米10年国債金利とS&P500:11/4/21以降の平均▲2.776%

・直近イールドスプレッド縮小: 20/10/12-▲2.664%、20/12/08-▲2.666%

               21/1/11-▲2.320%、22/4/19-▲1.989%

・直近イールドスプレッド拡大:19/1/3-▲3.869%、19/8/5-▲4.002%、

                19/8/15-▲4.179%、20/2/28-4.499%

               20/3/23-▲6.222%

・5月19日:▲2.825%⇒5月20日:予想▲2.886%(前日比で拡大:割安)

 

S&P500がわずかに反発した一方で、米長期金利は大幅に低下したことでイールドスプレッドは前日比で拡大(米国10年債金利に対して米国株は前日比で割安)した。
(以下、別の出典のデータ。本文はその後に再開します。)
lemma dim_functions_supported_on:
  assumes "finite S"
  shows "vector_space.dim fscale {f :: 'a \<Rightarrow> real. \<forall>x. f x \<noteq> 0 \<longrightarrow> x \<in> S} = card S"
proof -
  interpret V: vector_space "fscale :: real \<Rightarrow> ('a \<Rightarrow> real) \<Rightarrow> _" by (rule vector_space_fscale)
  define e :: "'a \<Rightarrow> 'a \<Rightarrow> real" where "e x = (\<lambda>y. if y = x then 1 else 0)" for x
  have e_eval: "(\<Sum>x\<in>S. fscale (c x) (e x)) y = (if y \<in> S then c y else 0)" for c y
    using assms by (simp add: sum_apply fscale_def e_def if_distrib cong: if_cong)
  have inj: "inj_on e S" by (rule inj_onI) (metis e_def zero_neq_one)
  show ?thesis
  proof (rule V.dim_unique[of "e ` S"])
    show "e ` S \<subseteq> {f. \<forall>x. f x \<noteq> 0 \<longrightarrow> x \<in> S}" by (auto simp: e_def split: if_splits)
    show "{f. \<forall>x. f x \<noteq> 0 \<longrightarrow> x \<in> S} \<subseteq> V.span (e ` S)"
    proof
      fix f :: "'a \<Rightarrow> real" assume "f \<in> {f. \<forall>x. f x \<noteq> 0 \<longrightarrow> x \<in> S}"
      then have "f = (\<Sum>x\<in>S. fscale (f x) (e x))" by (auto simp: fun_eq_iff e_eval)
      also have "\<dots> \<in> V.span (e ` S)" by (intro V.span_sum V.span_scale V.span_base) auto
      finally show "f \<in> V.span (e ` S)" .
    qed
    show "V.independent (e ` S)"
    proof (rule V.independent_if_scalars_zero)
      fix c v assume sum: "(\<Sum>v\<in>e ` S. fscale (c v) v) = 0" and "v \<in> e ` S"
      then obtain x where x: "x \<in> S" "v = e x" by blast
      have "(\<Sum>y\<in>S. fscale (c (e y)) (e y)) = 0" using sum by (simp add: sum.reindex[OF inj])
      then show "c v = 0" using e_eval[of "c \<circ> e" x] x by simp
    qed (use assms in simp)
    show "card (e ` S) = card S" by (rule card_image[OF inj])
  qed
qed

lemma (in vector_space_pair) dim_image_eq_of_inj_on_span:
  assumes "Vector_Spaces.linear s1 s2 f" "inj_on f (vs1.span S)"
  shows "vs2.dim (f ` S) = vs1.dim S"
proof -
  obtain B where B: "B \<subseteq> S" "vs1.independent B" "S \<subseteq> vs1.span B" "card B = vs1.dim S"
    by (rule vs1.basis_exists)
  then have span: "vs1.span B = vs1.span S"
    by (metis subset_antisym vs1.span_mono vs1.span_span)
  have "vs2.independent (f ` B)"
    using linear_independent_injective_image[OF assms(1) B(2)] assms(2) span by simp
  moreover have "vs2.span (f ` B) = vs2.span (f ` S)"
    using linear_span_image[OF assms(1)] span by simp
  moreover have "card (f ` B) = card B"
    using assms(2) B(1) vs1.span_superset by (metis card_image inj_on_subset subset_trans)
  ultimately show ?thesis using B(4) vs2.dim_eq_card by metis
qed

section \<open>Vertex signs and the coboundary\<close>

definition vertex_sign :: "'a::linorder set \<Rightarrow> 'a \<Rightarrow> real" where
  "vertex_sign \<tau> x = (-1) ^ card {y \<in> \<tau>. y < x}"

lemma sum_faces_eq_sum_vertex_sign:
  fixes \<tau> :: "'a::linorder set"
  assumes "finite \<tau>" "card \<tau> = Suc n"
  shows "(\<Sum>i = 0..n. (-1) ^ i * f (face \<tau> i)) = (\<Sum>x\<in>\<tau>. vertex_sign \<tau> x * f (\<tau> - {x}))"
proof -
  define xs where "xs = sorted_list_of_set \<tau>"
  have xs: "sorted_wrt (<) xs" "distinct xs" "set xs = \<tau>" "length xs = Suc n"
    using assms by (auto simp: xs_def)
  have "(\<Sum>x\<in>\<tau>. vertex_sign \<tau> x * f (\<tau> - {x}))
      = (\<Sum>i<length xs. vertex_sign \<tau> (xs ! i) * f (\<tau> - {xs ! i}))"
    using sum.reindex_bij_betw[OF bij_betw_nth[OF xs(2) refl xs(3)[symmetric]],
        of "\<lambda>x. vertex_sign \<tau> x * f (\<tau> - {x})"]
    by simp
  also have "\<dots> = (\<Sum>i = 0..n. (-1) ^ i * f (face \<tau> i))"
    using card_less_nth_sorted[OF xs(1)] xs(3,4)
    by (intro sum.cong) (auto simp: vertex_sign_def face_def xs_def)
  finally show ?thesis by simp
qed

lemma vertex_sign_least:
  assumes "\<And>y. y \<in> \<tau> \<Longrightarrow> v \<le> y"
  shows "vertex_sign \<tau> v = 1"
proof -
  have "{y \<in> \<tau>. y < v} = {}" using assms by force
  then show ?thesis by (simp only: vertex_sign_def) simp
qed

lemma vertex_sign_remove:
  assumes "finite \<tau>" "x \<in> \<tau>" "y \<noteq> x"
  shows "vertex_sign (\<tau> - {x}) y = (if x < y then - vertex_sign \<tau> y else vertex_sign \<tau> y)"
proof (cases "x < y")
  case True
  then have "{z \<in> \<tau>. z < y} = insert x {z \<in> \<tau> - {x}. z < y}" using assms(2) by auto
  then show ?thesis using True assms(1) by (simp add: vertex_sign_def)
next
  case False
  then have "{z \<in> \<tau> - {x}. z < y} = {z \<in> \<tau>. z < y}" using assms(3) by auto
  then show ?thesis using False by (simp add: vertex_sign_def)
qed

lemma vertex_sign_remove_swap:
  assumes "finite \<tau>" "x \<in> \<tau>" "y \<in> \<tau>" "x \<noteq> y"
  shows "vertex_sign \<tau> x * vertex_sign (\<tau> - {x}) y = - (vertex_sign \<tau> y * vertex_sign (\<tau> - {y}) x)"
  using assms vertex_sign_remove[OF assms(1,2), of y] vertex_sign_remove[OF assms(1,3), of x]
  by auto

lemma intent_antimono: "A \<subseteq> B \<Longrightarrow> intent G M I B \<subseteq> intent G M I A"
  by (auto simp: intent_def)

lemma simplices_finite: "\<tau> \<in> simplices G M I k \<Longrightarrow> finite \<tau>"
  by (auto simp: simplices_def intro: card_ge_0_finite)

lemma simplices_card: "\<tau> \<in> simplices G M I k \<Longrightarrow> card \<tau> = Suc k"
  by (simp add: simplices_def)

lemma face_in_simplices:
  assumes "\<tau> \<in> simplices G M I (Suc k)" "m \<in> intent G M I \<tau>" "x \<in> \<tau>"
  shows "\<tau> - {x} \<in> simplices G M I k" "m \<in> intent G M I (\<tau> - {x})"
proof -
  have card: "card (\<tau> - {x}) = Suc k"
    using assms(1,3) simplices_finite simplices_card by fastforce
  then have "\<tau> - {x} \<noteq> {}" by (metis card.empty nat.distinct(1))
  then show "\<tau> - {x} \<in> simplices G M I k"
    using assms(1) card intent_antimono[of "\<tau> - {x}" \<tau> G M I]
    by (auto simp: simplices_def dowker_def)
  show "m \<in> intent G M I (\<tau> - {x})" using assms(2) intent_antimono[of "\<tau> - {x}" \<tau> G M I] by auto
qed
平均値の▲2.776%から+0.110%と平均値より下方かい離したことで割安になった。また、19年1月3日の大底となった▲3.869%を▲0.983%下回った。また、19年8月5日の大底となった▲4.002%を▲1.116%下回った。19年8月15日の▲4.179%を▲1.293%下回った。20年2月28日の大底▲4.499%から▲1.613%下回った。20年3月23日の6.222%から▲3.336%下回った。

 

米10年国債金利とNASDAQ:11/4/21以降の平均▲1.750%

・直近イールドスプレッド縮小:21/1/11-1.066%、21/2/16-1.144%

              21/11/23-1.299%、22/4/19-0.513%

・直近イールドスプレッド拡大:19/1/3-▲2.179%、19/8/15-▲2.383%、

              19/8/15-▲2.498%、 20/3/16-▲4.094%

・5月19日:▲1.200%⇒5月20日予想▲1.272%(前日比で拡大:割安)

 

NASDAQは小幅に続落したうえ、米長期金利も大幅に低下したことでイールドスプレッドは前日比で拡大(米国10年債金利に対して米国株は前日比で割安)した。平均値の▲1.750%から▲0.478%平均値より下方かい離したことで割高になった。また、19年1月3日の大底となった▲2.179%に対しては▲0.907%下回った。19年8月5日の大底となった▲2.383%に対して▲1.111%下回った。19年8月15日の大底となった▲2.498%に対して▲1.226%下回った。20年2月28日の大底2.803%から▲1.531%下回った。20年3月16日の▲4.094%から▲2.822%下回った。

 

NASDAQのイールドスプレッドは、米長期金利が大幅低下したうえ、株価も小幅続落したことで前日比で拡大した。イールドスプレッドは以前より半分以下まで縮小しているため、引き続き割高感から利益確定売りが出やすい地合いが続いている。NASDAQ総合指数のイールドスプレッドは、▲1.2%台後半まで拡大したことで、若干割高感が後退した。ただ、2%台に拡大するまでは割安とは言えず、売られやすい地合いが継続する。

 

※PERの発表が時間的に遅行することから、前営業日の数値を使って当日終了時の予想を算定している。

 

※毎日イールドスプレッドを掲載していますので、米国株式市場の買われ過ぎ・売られ過ぎなど過熱感の目安としてください。